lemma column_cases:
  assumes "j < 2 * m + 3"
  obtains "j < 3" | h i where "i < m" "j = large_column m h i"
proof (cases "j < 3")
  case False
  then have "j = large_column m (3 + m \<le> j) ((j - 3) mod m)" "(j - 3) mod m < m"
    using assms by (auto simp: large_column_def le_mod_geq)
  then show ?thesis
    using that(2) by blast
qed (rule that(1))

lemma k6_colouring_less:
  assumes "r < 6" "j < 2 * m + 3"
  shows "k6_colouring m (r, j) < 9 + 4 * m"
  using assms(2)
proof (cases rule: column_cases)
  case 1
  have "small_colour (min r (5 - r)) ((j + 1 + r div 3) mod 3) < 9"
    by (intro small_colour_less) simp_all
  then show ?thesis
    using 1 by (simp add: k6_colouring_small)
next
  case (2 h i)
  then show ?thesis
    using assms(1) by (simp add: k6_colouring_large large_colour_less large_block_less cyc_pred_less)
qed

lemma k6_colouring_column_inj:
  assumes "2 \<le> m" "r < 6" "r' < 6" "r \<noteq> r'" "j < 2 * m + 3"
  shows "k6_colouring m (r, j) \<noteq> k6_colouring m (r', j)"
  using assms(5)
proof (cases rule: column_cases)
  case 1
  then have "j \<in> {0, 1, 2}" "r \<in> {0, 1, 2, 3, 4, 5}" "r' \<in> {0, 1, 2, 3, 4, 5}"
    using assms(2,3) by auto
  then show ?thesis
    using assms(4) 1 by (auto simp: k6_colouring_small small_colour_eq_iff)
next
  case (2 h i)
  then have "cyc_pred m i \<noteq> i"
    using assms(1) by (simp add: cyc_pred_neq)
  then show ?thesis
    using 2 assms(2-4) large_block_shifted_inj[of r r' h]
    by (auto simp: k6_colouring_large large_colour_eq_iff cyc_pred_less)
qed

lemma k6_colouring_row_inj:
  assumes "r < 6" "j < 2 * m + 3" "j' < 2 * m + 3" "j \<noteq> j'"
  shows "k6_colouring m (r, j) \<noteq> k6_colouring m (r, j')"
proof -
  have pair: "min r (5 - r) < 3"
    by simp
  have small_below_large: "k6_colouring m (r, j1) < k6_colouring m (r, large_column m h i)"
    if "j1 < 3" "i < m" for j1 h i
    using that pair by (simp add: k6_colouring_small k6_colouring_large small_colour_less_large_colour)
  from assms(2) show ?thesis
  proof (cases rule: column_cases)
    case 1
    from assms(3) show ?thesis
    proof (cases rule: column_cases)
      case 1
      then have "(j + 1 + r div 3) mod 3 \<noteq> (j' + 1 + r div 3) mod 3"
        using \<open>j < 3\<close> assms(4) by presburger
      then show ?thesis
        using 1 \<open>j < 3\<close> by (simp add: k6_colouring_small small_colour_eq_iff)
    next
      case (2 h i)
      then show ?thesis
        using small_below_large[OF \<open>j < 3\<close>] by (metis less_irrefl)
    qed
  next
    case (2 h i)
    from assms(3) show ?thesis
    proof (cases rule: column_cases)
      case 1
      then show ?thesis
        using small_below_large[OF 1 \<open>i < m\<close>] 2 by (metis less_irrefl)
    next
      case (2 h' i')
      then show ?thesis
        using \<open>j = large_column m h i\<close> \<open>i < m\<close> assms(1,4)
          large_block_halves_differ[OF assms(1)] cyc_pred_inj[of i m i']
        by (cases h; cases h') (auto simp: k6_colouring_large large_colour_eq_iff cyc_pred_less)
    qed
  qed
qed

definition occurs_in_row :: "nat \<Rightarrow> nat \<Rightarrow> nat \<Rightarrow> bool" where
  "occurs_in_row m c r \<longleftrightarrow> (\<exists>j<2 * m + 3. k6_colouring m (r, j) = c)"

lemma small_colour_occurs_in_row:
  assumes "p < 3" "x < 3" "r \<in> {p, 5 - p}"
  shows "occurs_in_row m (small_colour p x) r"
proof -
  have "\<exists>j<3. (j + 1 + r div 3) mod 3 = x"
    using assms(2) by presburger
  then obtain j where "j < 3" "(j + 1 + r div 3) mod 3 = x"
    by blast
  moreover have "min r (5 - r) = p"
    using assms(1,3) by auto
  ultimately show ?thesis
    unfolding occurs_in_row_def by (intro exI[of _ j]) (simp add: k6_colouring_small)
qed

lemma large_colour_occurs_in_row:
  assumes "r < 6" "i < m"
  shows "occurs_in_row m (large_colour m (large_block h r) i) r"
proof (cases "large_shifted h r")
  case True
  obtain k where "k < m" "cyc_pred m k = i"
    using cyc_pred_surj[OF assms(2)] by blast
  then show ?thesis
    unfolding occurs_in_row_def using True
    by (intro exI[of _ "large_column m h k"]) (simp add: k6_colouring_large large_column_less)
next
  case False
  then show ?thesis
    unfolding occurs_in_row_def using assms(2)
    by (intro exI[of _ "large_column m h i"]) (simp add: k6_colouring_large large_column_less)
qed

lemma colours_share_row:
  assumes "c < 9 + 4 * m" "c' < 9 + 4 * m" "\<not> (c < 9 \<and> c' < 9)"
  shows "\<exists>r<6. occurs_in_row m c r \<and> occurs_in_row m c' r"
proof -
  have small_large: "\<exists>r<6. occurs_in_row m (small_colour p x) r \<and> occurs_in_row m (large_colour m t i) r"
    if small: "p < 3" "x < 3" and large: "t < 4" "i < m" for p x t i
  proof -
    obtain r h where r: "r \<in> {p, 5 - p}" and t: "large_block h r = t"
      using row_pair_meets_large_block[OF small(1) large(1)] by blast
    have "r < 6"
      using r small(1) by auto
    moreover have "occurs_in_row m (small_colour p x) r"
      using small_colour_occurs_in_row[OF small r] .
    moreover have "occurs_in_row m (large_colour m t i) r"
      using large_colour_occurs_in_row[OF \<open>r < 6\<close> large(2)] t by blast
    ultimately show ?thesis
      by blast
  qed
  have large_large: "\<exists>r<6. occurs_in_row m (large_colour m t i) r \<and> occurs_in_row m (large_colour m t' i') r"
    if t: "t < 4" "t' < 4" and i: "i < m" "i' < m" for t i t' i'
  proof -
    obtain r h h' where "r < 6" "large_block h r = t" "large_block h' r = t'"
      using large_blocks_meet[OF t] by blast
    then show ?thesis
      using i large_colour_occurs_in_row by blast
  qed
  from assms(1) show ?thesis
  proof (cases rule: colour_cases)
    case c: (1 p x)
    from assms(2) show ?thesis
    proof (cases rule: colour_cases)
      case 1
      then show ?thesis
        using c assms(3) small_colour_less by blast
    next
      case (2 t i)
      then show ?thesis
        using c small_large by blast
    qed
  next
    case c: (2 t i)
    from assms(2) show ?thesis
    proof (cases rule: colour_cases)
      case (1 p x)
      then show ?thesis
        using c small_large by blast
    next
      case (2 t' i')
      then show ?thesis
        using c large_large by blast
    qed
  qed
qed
—————
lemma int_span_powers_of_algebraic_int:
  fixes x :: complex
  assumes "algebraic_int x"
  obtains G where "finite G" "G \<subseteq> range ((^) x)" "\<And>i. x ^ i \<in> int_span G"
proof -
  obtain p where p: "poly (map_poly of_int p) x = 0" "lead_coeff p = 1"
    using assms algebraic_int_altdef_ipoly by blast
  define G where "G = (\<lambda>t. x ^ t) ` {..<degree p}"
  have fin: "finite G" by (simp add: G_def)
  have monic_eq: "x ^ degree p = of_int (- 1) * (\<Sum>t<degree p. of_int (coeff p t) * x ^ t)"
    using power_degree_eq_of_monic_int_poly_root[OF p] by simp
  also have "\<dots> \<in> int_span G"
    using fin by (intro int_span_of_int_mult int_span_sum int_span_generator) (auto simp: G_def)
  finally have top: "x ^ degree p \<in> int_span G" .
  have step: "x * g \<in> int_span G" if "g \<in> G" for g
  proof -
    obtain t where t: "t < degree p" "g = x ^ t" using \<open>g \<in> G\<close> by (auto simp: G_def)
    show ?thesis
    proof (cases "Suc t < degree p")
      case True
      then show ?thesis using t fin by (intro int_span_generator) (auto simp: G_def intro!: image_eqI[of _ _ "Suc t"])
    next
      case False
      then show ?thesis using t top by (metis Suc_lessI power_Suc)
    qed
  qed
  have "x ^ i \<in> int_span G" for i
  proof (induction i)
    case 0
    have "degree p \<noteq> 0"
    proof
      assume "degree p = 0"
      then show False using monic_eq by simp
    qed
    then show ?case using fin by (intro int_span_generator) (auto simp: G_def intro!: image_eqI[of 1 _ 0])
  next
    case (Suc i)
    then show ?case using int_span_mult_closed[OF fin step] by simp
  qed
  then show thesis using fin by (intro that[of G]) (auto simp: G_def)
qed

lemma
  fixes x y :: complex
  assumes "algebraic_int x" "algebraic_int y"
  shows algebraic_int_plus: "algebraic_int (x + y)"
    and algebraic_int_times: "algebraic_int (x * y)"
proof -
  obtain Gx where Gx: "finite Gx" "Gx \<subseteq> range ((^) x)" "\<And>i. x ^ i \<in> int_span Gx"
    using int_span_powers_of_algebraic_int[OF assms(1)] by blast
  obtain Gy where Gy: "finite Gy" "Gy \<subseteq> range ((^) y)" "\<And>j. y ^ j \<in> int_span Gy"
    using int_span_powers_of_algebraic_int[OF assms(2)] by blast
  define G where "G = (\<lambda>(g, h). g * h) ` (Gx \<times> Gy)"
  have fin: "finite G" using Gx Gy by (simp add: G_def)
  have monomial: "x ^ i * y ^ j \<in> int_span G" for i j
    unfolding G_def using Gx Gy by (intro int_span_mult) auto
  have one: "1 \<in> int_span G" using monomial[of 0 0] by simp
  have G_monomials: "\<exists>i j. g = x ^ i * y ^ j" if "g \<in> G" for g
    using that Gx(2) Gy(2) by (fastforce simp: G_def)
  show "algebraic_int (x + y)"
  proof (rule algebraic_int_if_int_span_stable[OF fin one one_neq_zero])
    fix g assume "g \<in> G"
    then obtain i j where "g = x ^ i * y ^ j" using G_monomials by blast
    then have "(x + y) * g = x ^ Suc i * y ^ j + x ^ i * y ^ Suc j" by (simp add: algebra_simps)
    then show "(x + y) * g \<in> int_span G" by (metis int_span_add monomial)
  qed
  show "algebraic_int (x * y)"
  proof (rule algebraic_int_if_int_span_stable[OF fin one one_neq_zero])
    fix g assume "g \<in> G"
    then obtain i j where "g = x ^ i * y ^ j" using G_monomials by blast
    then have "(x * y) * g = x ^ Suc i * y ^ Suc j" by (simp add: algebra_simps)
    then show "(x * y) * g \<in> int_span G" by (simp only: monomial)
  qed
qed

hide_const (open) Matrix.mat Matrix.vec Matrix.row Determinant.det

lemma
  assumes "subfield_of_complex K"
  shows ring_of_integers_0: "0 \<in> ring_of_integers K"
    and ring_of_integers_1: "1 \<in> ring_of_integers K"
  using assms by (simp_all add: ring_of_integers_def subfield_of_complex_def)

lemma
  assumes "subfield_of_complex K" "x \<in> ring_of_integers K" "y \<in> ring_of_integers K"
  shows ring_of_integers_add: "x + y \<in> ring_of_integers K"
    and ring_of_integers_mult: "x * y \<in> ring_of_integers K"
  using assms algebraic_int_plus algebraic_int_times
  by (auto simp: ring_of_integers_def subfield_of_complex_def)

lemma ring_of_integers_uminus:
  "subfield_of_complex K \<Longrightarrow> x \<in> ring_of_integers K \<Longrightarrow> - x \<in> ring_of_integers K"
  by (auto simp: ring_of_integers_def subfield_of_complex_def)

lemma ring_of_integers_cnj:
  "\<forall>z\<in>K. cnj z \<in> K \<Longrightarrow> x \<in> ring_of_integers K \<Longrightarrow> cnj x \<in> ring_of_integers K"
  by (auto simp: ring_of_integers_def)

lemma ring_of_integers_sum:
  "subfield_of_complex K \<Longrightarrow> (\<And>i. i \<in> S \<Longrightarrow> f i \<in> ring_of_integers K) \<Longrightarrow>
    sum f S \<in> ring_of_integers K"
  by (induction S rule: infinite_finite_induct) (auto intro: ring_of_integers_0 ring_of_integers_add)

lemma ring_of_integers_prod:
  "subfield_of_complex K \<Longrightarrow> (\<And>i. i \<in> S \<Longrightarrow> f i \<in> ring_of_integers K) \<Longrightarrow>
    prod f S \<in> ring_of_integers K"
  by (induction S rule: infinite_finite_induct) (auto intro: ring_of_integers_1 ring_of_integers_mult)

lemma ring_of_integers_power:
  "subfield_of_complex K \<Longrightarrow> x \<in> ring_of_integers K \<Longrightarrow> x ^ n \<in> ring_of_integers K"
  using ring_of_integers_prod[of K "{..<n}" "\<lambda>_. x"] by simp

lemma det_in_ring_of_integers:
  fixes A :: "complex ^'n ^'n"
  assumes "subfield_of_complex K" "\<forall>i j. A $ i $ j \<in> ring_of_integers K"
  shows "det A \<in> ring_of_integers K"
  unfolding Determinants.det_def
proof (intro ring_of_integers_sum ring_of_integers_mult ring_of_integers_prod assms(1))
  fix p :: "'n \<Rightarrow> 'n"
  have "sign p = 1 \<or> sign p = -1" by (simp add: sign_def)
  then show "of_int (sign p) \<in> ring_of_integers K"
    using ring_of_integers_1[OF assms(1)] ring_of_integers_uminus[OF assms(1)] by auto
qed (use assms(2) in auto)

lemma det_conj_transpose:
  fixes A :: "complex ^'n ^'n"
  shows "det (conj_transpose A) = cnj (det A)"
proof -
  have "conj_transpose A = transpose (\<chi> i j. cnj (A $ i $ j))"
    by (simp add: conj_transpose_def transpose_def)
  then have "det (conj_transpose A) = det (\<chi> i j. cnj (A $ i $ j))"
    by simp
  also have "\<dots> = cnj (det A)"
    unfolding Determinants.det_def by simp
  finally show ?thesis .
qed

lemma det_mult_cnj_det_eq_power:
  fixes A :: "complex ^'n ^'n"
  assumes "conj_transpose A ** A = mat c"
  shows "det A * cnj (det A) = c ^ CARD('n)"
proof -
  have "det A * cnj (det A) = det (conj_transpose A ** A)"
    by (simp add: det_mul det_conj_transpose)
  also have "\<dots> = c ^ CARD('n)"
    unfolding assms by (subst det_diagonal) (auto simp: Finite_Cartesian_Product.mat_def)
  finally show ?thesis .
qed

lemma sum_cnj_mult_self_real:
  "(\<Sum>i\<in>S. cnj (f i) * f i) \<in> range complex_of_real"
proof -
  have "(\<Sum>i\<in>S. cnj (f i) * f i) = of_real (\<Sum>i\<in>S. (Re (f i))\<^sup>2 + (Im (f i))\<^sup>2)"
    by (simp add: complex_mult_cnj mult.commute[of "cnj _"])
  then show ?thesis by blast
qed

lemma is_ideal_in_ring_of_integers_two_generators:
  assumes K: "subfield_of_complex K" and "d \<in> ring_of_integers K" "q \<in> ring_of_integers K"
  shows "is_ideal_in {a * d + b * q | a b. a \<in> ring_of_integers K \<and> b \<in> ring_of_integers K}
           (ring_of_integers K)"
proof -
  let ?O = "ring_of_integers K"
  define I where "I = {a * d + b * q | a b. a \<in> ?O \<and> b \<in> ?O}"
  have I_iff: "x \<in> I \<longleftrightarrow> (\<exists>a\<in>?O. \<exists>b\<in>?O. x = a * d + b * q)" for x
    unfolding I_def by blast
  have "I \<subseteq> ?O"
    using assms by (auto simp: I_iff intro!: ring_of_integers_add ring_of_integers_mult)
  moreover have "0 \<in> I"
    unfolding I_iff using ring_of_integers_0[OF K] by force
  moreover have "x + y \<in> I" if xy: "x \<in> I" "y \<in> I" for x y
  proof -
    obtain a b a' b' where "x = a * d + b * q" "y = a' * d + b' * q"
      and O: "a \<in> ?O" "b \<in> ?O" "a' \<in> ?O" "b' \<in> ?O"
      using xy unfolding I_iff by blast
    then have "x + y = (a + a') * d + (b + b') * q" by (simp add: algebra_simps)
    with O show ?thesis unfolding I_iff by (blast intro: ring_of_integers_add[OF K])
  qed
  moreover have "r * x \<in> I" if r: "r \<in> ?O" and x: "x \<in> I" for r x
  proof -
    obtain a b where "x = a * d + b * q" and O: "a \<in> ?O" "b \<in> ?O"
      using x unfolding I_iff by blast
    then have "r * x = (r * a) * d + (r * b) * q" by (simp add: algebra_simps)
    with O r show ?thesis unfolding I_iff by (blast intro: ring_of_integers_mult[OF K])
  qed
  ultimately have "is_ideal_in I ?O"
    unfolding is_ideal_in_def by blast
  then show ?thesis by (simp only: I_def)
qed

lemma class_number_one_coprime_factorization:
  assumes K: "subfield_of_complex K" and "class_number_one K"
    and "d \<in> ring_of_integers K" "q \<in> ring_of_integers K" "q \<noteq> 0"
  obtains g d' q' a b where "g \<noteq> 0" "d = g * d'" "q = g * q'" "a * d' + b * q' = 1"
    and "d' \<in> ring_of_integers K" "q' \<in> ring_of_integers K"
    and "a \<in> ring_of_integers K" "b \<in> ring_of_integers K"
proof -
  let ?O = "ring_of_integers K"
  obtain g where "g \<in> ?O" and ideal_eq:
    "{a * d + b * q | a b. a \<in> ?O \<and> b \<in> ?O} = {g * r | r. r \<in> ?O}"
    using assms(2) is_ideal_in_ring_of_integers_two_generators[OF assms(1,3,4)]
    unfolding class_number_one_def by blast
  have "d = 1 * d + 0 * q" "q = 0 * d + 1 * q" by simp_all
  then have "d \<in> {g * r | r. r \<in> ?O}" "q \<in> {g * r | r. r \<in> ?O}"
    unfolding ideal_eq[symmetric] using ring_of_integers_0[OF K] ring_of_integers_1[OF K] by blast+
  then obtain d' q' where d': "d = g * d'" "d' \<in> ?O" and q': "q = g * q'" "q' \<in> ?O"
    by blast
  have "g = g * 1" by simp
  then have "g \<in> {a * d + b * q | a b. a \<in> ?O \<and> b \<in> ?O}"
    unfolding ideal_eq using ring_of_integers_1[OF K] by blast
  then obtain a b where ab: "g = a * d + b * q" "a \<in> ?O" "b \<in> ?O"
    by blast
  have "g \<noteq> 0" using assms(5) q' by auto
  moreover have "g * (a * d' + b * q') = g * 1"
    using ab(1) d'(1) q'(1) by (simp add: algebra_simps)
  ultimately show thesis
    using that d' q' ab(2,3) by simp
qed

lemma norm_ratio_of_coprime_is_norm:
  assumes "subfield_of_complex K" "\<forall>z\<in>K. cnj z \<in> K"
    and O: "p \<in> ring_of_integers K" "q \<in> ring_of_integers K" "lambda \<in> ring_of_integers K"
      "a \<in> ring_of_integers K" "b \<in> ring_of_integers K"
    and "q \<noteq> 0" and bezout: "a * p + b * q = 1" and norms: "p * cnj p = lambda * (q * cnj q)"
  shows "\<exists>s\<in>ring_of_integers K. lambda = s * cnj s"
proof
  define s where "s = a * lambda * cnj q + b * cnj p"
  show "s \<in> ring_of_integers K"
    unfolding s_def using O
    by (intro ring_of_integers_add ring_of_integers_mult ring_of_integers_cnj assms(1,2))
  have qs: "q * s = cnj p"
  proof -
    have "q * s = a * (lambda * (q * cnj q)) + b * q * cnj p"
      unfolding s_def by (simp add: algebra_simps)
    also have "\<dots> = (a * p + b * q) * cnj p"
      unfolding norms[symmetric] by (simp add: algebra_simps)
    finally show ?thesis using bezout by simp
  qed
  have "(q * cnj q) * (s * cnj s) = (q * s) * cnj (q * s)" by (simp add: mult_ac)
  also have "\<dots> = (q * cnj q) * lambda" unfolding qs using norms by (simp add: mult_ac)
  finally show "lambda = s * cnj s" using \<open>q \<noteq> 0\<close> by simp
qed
—————
● Instructions to follow: The response must give every line from the material above that holds the string "False".

● Solution to this exercise:
  case False
  case False
      case False
      then show False using monic_eq by simp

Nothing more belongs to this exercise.